I have two dataframes(first - about 30K rows, second - about 60M rows) and I need to compare home addresses between them and choose the best match:

df1 = pd.DataFrame(data={
'ID': [1, 2],
'address': ['14985 Jesses Trl Kenai AK', '589 Silver Rock Trl Castle Rock CO']})

df2 = pd.DataFrame(data={
'ID': [1, 2],
'address': ['14985 Jesses Trl Ninilchik AK', '589 Silver Rock Trail Castle Rock CO']})

I decided this question using this script:

scores = []
indices = []
df1['adr_of_best_match'] = '' # to add best match from df2 to df1
df1['ID_of_best_match'] = ''  # to add best match from df2 to df1
for i in range(0, len(df1.index)):
    score = []
    ind = []
    for j in range(0, len(df2.index)):
        f = fuzz.token_set_ratio(df1.address.values[i], df2.address.values[j])/100 # count fuzz rate of texts match
        score.append(f)
    ind = np.argmax(score)
    indices.append(np.argmax(score))
    scores.append(np.max(score))
    df1['adr_of_best_match'].values[i] = df2.address.values[ind]
    df1['ID_of_best_match'].values[i] = df2.address.values[ind]
df1['scores']  = scores # adding score to final dataframe

But to my regret, such a script compares one address from df1 in a 60M dataframe(df2) for about 1 hour, which is unacceptably long.

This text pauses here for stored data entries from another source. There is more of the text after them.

lemma split_corner_extension:
  assumes t: "1 \<le> t" "t \<le> m" and e: "0 < e" "e < 1"
  defines "\<zeta> \<equiv> split_corner_weights e t" and "Bt \<equiv> mkB A m n j k (top3 A l e m n j k t)"
  shows "simple_eigenvalue Bt l \<and> Bt *\<^sub>v w = l \<cdot>\<^sub>v w
    \<and> transpose_mat Bt *\<^sub>v mkvec m n \<zeta> v = l \<cdot>\<^sub>v mkvec m n \<zeta> v \<and> algebraically_positive Bt
    \<and> Bt $$ (m - 1, t - 1) * mkvec m n \<zeta> v $ (m - 1)
      + (\<Sum>i = 1..n - k. Bt $$ (m + k + i - 1, t - 1) * mkvec m n \<zeta> v $ (m + k + i - 1))
      = c / e - A $$ (0, j - 1) * v $ 0"
proof -
  interpret P: bordered A m n j k l c u v "\<lambda>_. l" "(1 - e) * l" "e * l" m t
    using m t by unfold_locales auto
  have B_eq: "Bt = P.B" unfolding Bt_def using j(1) k t by (rule mkB_top3_eq)
  have \<zeta>_m: "\<zeta> m = c / (e * l)" using t by (auto simp: \<zeta>_def split_corner_weights_def)
  have "simple_eigenvalue P.B l \<and> P.B *\<^sub>v w = l \<cdot>\<^sub>v w
      \<and> transpose_mat P.B *\<^sub>v mkvec m n \<zeta> v = l \<cdot>\<^sub>v mkvec m n \<zeta> v \<and> algebraically_positive P.B"
  proof (rule P.simple_and_algebraically_positive)
    show "P.top_row (\<lambda>_. 1) 1 p = l" if "1 \<le> p" "p \<le> m" for p
      using that unfolding P.top_row_def by (auto simp: algebra_simps)
  next
    fix x y p
    assume rows: "\<And>p. 1 \<le> p \<Longrightarrow> p \<le> m \<Longrightarrow> P.top_row x y p = l * x p" and p: "1 \<le> p" "p \<le> m"
    have "x (Suc q) = x q" if "1 \<le> q" "q < m" for q
      using rows[of q] that l_pos unfolding P.top_row_def by auto
    hence lower: "x q = x m" if "1 \<le> q" "q \<le> m" for q using that by (rule chain_eq_last)
    have "(1 - e) * l * x t + e * l * y = l * x m" using rows[of m] m unfolding P.top_row_def by simp
    hence "e * l * (y - x m) = 0" using lower[of t] t by (simp add: algebra_simps)
    hence "x m = y" using e l_pos by simp
    thus "x p = y" using lower[of p] p by simp
  next
    show "P.top_col \<zeta> q + (if q = 1 then A $$ (0, j - 1) * v $ 0 else 0)
        + (if q = t then c - A $$ (0, j - 1) * v $ 0 else 0) = l * \<zeta> q" if "1 \<le> q" "q \<le> m" for q
      using split_corner_weights_left_top[OF t(1) e(1) that] unfolding P.top_col_def \<zeta>_def by simp
  next
    show "e * l * \<zeta> m = c" using e l_pos by (simp add: \<zeta>_m)
  next
    show "\<zeta> p > 0" for p using av_pos l_pos c_pos e by (simp add: \<zeta>_def split_corner_weights_def)
  qed
  moreover have "P.B $$ (m - 1, t - 1) * mkvec m n \<zeta> v $ (m - 1)
      + (\<Sum>i = 1..n - k. P.B $$ (m + k + i - 1, t - 1) * mkvec m n \<zeta> v $ (m + k + i - 1))
      = c / e - A $$ (0, j - 1) * v $ 0"
  proof -
    have "t \<noteq> Suc m" using t by simp
    thus ?thesis unfolding P.border_column_sum[OF \<open>t \<noteq> Suc m\<close>] \<zeta>_m using e l_pos by (simp add: field_simps)
  qed
  ultimately show ?thesis unfolding B_eq by blast
qed

end

theorem theorem2p5:
  fixes A :: "real mat" and u v :: "real vec" and l eps c :: real and n m j k :: nat
  assumes eps: "0 < eps" "eps < 1"
    and nm: "n \<ge> 1" "m \<ge> 1"
    and A: "A \<in> carrier_mat n n"
    and j: "1 \<le> j" "j \<le> n" and a1j: "A $$ (0, j - 1) > 0"
    and lpos: "l > 0" and simple: "simple_eigenvalue A l"
    and u: "u \<in> carrier_vec n" "\<forall>i<n. u $ i > 0" "A *\<^sub>v u = l \<cdot>\<^sub>v u"
    and v: "v \<in> carrier_vec n" "\<forall>i<n. v $ i > 0" "transpose_mat A *\<^sub>v v = l \<cdot>\<^sub>v v"
    and k: "1 \<le> k" "k \<le> n"
    and c_def: "c \<equiv> A $$ (0, j - 1) * v $ 0
                   + (\<Sum>i = 1..n - k. A $$ (k + i - 1, j - 1) * v $ (k + i - 1))"
    and cpos: "c > 0"
  shows
   "(let a = A $$ (0, j - 1); v1 = v $ 0;
         w = mkvec m n (\<lambda>_. u $ (j - 1)) u in
     (\<forall>s\<in>{1..m}.
        let B = mkB A m n j k (top1 A l m n j k s);
            z = mkvec m n (\<lambda>i. if i \<le> s - 1 then a * v1 / l else c / l) v in
        simple_eigenvalue B l \<and> B *\<^sub>v w = l \<cdot>\<^sub>v w \<and> transpose_mat B *\<^sub>v z = l \<cdot>\<^sub>v z
        \<and> algebraically_positive B)
   \<and>
     (\<forall>s\<in>{1..m - 1}. \<forall>t\<in>{1..m} - {s + 1}.
        let Bf = (\<lambda>e. mkB A m n j k (top2 A l e m n j k s t));
            zf = (\<lambda>e. mkvec m n (\<lambda>i.
                   if t \<le> s then
                     (if i \<le> t - 1 then a * v1 / l else if i \<le> s then c / (e * l) else c / l)
                   else
                     (if i \<le> s then a * v1 / l else if i \<le> t - 1 then e * a * v1 / l else c / l)) v);
            Q = (\<lambda>e. Bf e $$ (s - 1, t - 1) * zf e $ (s - 1)
                   + (\<Sum>i = 1..n - k. Bf e $$ (m + k + i - 1, t - 1) * zf e $ (m + k + i - 1)));
            B = Bf eps; z = zf eps in
        simple_eigenvalue B l \<and> B *\<^sub>v w = l \<cdot>\<^sub>v w \<and> transpose_mat B *\<^sub>v z = l \<cdot>\<^sub>v z
        \<and> algebraically_positive B
        \<and> Q eps = (if t \<le> s then c / eps - a * v1 else c - eps * a * v1)
        \<and> (\<exists>e. 0 < e \<and> e < 1 \<and> Q e > 0))
   \<and>
     (\<forall>t\<in>{1..m}.
        let Bf = (\<lambda>e. mkB A m n j k (top3 A l e m n j k t));
            zf = (\<lambda>e. mkvec m n (\<lambda>i. if i \<le> t - 1 then a * v1 / l else c / (e * l)) v);
            Q = (\<lambda>e. Bf e $$ (m - 1, t - 1) * zf e $ (m - 1)
                   + (\<Sum>i = 1..n - k. Bf e $$ (m + k + i - 1, t - 1) * zf e $ (m + k + i - 1)));
            B = Bf eps; z = zf eps in
        simple_eigenvalue B l \<and> B *\<^sub>v w = l \<cdot>\<^sub>v w \<and> transpose_mat B *\<^sub>v z = l \<cdot>\<^sub>v z
        \<and> algebraically_positive B
        \<and> Q eps = c / eps - a * v1
        \<and> (\<exists>e. 0 < e \<and> e < 1 \<and> Q e > 0)))"
proof -
  have c: "c = A $$ (0, j - 1) * v $ 0 + (\<Sum>i\<in>{k..<n}. A $$ (i, j - 1) * v $ i)"
    using c_def sum_tail_reindex[OF k(1), of "\<lambda>i. A $$ (i, j - 1) * v $ i" n] by simp
  interpret extension_data A m n j k l c u v
    using A nm j a1j lpos simple u v k c cpos by unfold_locales auto
  obtain e0 where e0: "0 < e0" "e0 < 1"
    "c / e0 - A $$ (0, j - 1) * v $ 0 > 0" "c - e0 * (A $$ (0, j - 1) * v $ 0) > 0"
    using av_pos cpos by (rule exists_eps_both_pos)
  show ?thesis
    unfolding Let_def
    using shifted_column_extension split_superdiagonal_extension[OF _ _ _ _ _ eps]
      split_superdiagonal_extension[OF _ _ _ _ _ e0(1,2)] split_corner_extension[OF _ _ eps]
      split_corner_extension[OF _ _ e0(1,2)] e0
    unfolding shifted_column_weights_def split_superdiagonal_weights_def split_corner_weights_def
    by (intro conjI ballI exI[of _ e0]) (auto simp: mult.assoc)
qed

How could I speed up this process?

Dima
  • 47
  • 6
  • It's not clear to me what you need -- are there multiple addresses per ID, and you have to pick address per ID? – Mose Wintner May 12 '22 at 18:27
  • Mose, i need to speed up this module. Generally I need for each id of the df1 match the id from the df2 based on max fuzzy score – Dima May 12 '22 at 18:53
  • Bruteforcing all possible matches is rarely fast. Especially since there is 1.8 billion match to perform using slow Pandas indexing and a slow CPython interpreter (working on string that are known to be slow)... If your function is [commutative](https://en.wikipedia.org/wiki/Commutative_property), then you can compute the half upper triangular part only. If it is not commutative but still symmetric (ie. `f(x,y) = g(f(y, x))`), then you can still use the above optimization with some call to `g`. – Jérôme Richard May 12 '22 at 18:57
  • There are ways to make this a bit faster in Python, but honestly, this should be at least an order of magnitude faster if you use an optimized code in a native language like C/C++/Rust or even one like Java/C#. Alternatively, you can simply use a more efficient metric to compute your score (ie. not a bruteforce matching). – Jérôme Richard May 12 '22 at 19:07

1 Answers1

0

You may want to consider using the Google geocoding API, per the accepted answer to this stackoverflow question.

Mose Wintner
  • 290
  • 1
  • 10